In a case filed by the Akron Beacon Journal, the 6th U.S. Circuit Court of Appeals described the press’s role as “far from interfering with the right to vote” but instead “to report the news of the day to their fellow Ohio citizens,” the newspaper reported today.
The 6th Circuit’s ruling in Beacon Journal Publishing Co. v. Blackwell overturned U.S. District Judge Paul Matia's decision on Nov. 1, the day before the election, that effectively barred the Beacon Journal and the rest of the news media from observing the voting.
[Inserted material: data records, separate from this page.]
text \<open>Derivative of the term of index m+1: its first part cancels the leading part of
  the derivative of the previous terms.\<close>
lemma derivative_series_term:
  fixes sm :: "'k::field \<Rightarrow> 'a::ring_1 \<Rightarrow> 'a"
  assumes alg: "is_algebra sm" and der: "is_k_derivation sm d" and dx: "d x = 1"
    and nz: "of_nat (Suc m) \<noteq> (0::'k)"
  shows "d (sm (exp_coeff (Suc m)) (x ^ Suc m * (d ^^ Suc m) a))
       = sm (- exp_coeff m :: 'k) (x ^ m * (d ^^ Suc m) a)
         + sm (exp_coeff (Suc m)) (x ^ Suc m * (d ^^ Suc (Suc m)) a)"
proof -
  let ?v = "x ^ m * (d ^^ Suc m) a"
  have product_rule:
    "d (x ^ Suc m * (d ^^ Suc m) a) = of_nat (Suc m) * ?v + x ^ Suc m * (d ^^ Suc (Suc m)) a"
    using derivation_mult[OF der, of "x ^ Suc m" "(d ^^ Suc m) a"] derivation_power[OF der dx, of m]
    by (simp add: mult.assoc)
  have "d (sm (exp_coeff (Suc m)) (x ^ Suc m * (d ^^ Suc m) a))
      = sm (exp_coeff (Suc m)) (of_nat (Suc m) * ?v)
        + sm (exp_coeff (Suc m)) (x ^ Suc m * (d ^^ Suc (Suc m)) a)"
    unfolding derivation_scalar[OF der] product_rule using alg by (simp add: is_algebra_def)
  also have "sm (exp_coeff (Suc m)) (of_nat (Suc m) * ?v) = sm (exp_coeff (Suc m) * of_nat (Suc m)) ?v"
    using alg unfolding is_algebra_def by (simp only: scalar_of_nat[OF alg, symmetric])
  also have "exp_coeff (Suc m) * of_nat (Suc m) = - (exp_coeff m :: 'k)"
    using nz by simp
  finally show ?thesis .
qed

text \<open>The derivative of the constant part telescopes to its last correction term.\<close>
lemma derivative_constant_part:
  fixes sm :: "'k::field \<Rightarrow> 'a::ring_1 \<Rightarrow> 'a"
  assumes alg: "is_algebra sm" and der: "is_k_derivation sm d" and dx: "d x = 1"
    and nz: "\<forall>j\<in>{1..n}. of_nat j \<noteq> (0::'k)"
  shows "d (constant_part sm d x n a) = sm (exp_coeff n :: 'k) (x ^ n * (d ^^ Suc n) a)"
  using nz
proof (induction n)
  case 0
  then show ?case using alg by (simp add: constant_part_def is_algebra_def)
next
  case (Suc m)
  let ?v = "x ^ m * (d ^^ Suc m) a"
  have cancel: "sm (exp_coeff m) ?v + sm (- exp_coeff m :: 'k) ?v = 0"
    using alg by (metis is_algebra_def right_minus scalar_zero_left)
  have ih: "d (constant_part sm d x m a) = sm (exp_coeff m) ?v"
    using Suc by simp
  have step: "d (sm (exp_coeff (Suc m)) (x ^ Suc m * (d ^^ Suc m) a))
      = sm (- exp_coeff m :: 'k) ?v + sm (exp_coeff (Suc m)) (x ^ Suc m * (d ^^ Suc (Suc m)) a)"
    using Suc.prems by (intro derivative_series_term[OF alg der dx]) (auto simp del: of_nat_Suc)
  have "d (constant_part sm d x (Suc m) a)
      = d (constant_part sm d x m a) + d (sm (exp_coeff (Suc m)) (x ^ Suc m * (d ^^ Suc m) a))"
    unfolding constant_part_def by (simp only: sum.lessThan_Suc derivation_add[OF der])
  also have "\<dots> = (sm (exp_coeff m) ?v + sm (- exp_coeff m :: 'k) ?v)
                  + sm (exp_coeff (Suc m)) (x ^ Suc m * (d ^^ Suc (Suc m)) a)"
    by (simp only: ih step add.assoc)
  finally show ?case using cancel by simp
qed

text \<open>Modulo a stable ideal containing d a, all correction terms vanish.\<close>
lemma constant_part_congruent:
  assumes alg: "is_algebra sm" and I: "delta_stable_left_ideal d I" and da: "d a \<in> I"
  shows "a - constant_part sm d x n a \<in> I"
proof -
  have li: "left_ideal I" using I by (simp add: delta_stable_left_ideal_def)
  have split: "constant_part sm d x n a
      = a + (\<Sum>i<n. sm (exp_coeff (Suc i)) (x ^ Suc i * (d ^^ Suc i) a))"
    unfolding constant_part_def sum.lessThan_Suc_shift using alg by (simp add: is_algebra_def)
  have "(\<Sum>i<n. sm (exp_coeff (Suc i)) (x ^ Suc i * (d ^^ Suc i) a)) \<in> I"
    using li stable_ideal_iterates[OF I da] alg
    by (intro left_ideal_sum) (auto simp: is_algebra_def left_ideal_def)
  then show ?thesis using split left_ideal_uminus[OF li] by (simp add: diff_add_eq_diff_diff_swap)
qed

lemma of_nat_nonzero_below_char:
  assumes "0 < j" and "CHAR('k::field) = 0 \<or> j < CHAR('k)"
  shows "of_nat j \<noteq> (0::'k)"
  using assms by (auto simp: of_nat_eq_0_iff_char_dvd dest: dvd_imp_le)

lemma constants_lift:
  fixes sm :: "'k::field \<Rightarrow> 'a::ring_1 \<Rightarrow> 'a"
  assumes alg: "is_algebra sm" and der: "is_k_derivation sm d" and dx: "d x = 1"
    and nilp: "(d ^^ Suc n) a = 0" and nz: "\<forall>j\<in>{1..n}. of_nat j \<noteq> (0::'k)"
    and I: "delta_stable_left_ideal d I" and da: "d a \<in> I"
  shows "\<exists>y. d y = 0 \<and> a - y \<in> I"
proof (intro exI conjI)
  show "d (constant_part sm d x n a) = 0"
    using derivative_constant_part[OF alg der dx nz] nilp alg by (simp add: scalar_zero_right)
  show "a - constant_part sm d x n a \<in> I"
    using constant_part_congruent[OF alg I da] .
qed

lemma nilpotency_below_char:
  fixes d :: "'a::zero \<Rightarrow> 'a"
  assumes "CHAR('k::field) = 0 \<Longrightarrow> locally_nilpotent d"
    and "CHAR('k) > 0 \<Longrightarrow> d ^^ CHAR('k) = (\<lambda>_. 0)"
  obtains n where "(d ^^ Suc n) a = 0" and "\<forall>j\<in>{1..n}. of_nat j \<noteq> (0::'k)"
proof (cases "CHAR('k) = 0")
  case True
  then obtain m where "m > 0" "(d ^^ m) a = 0"
    using assms(1) unfolding locally_nilpotent_def by blast
  then show ?thesis
    using that[of "m - 1"] True of_nat_nonzero_below_char[where 'k='k] by simp
next
  case False
  have "\<forall>j\<in>{1..CHAR('k) - 1}. of_nat j \<noteq> (0::'k)"
    using of_nat_nonzero_below_char[where 'k='k] by force
  then show ?thesis
    using that[of "CHAR('k) - 1"] assms(2) False by simp
qed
Matia’s ruling had denied the newspaper’s request for a temporary restraining order that would have prevented the Summit County Board of Elections from enforcing Ohio Secretary of State J. Kenneth Blackwell’s order that the press be kept away from polling places.
Blackwell's order, Matia ruled, would keep “the election process free of the turmoil that could be created by hordes of reporters and photographers,” according to the Beacon Journal.
But the 6th Circuit, ruling four and a half hours before the polls closed, dismissed Matia’s concerns as “purely hypothetical.” Worries about a large crush of news media could not excuse a state action that would restrict press freedom, the appeals court said.
Its ruling ordered “reasonable access to any polling place for the purpose of news gathering and reporting,'' as long as the media “do not interfere with poll workers and voters.”
“(D)emocracies die behind closed doors,” the appeals court wrote in its ruling.
In a similar case, a federal judge ruled on Nov. 1 that exit polling could be conducted within 100 feet of a polling place on Election Day. U.S. District Judge Michael H. Watson's ruling overturned an October directive by Ohio Secretary of State Kenneth Blackwell to prohibit exit polling within 100 feet of precincts.
Five television networks — ABC, CNN, CBS, Fox News and NBC — and The Associated Press had sued, seeking a temporary order to block Blackwell's directive that limited the exit-poll surveys, even though there had been no prior problems.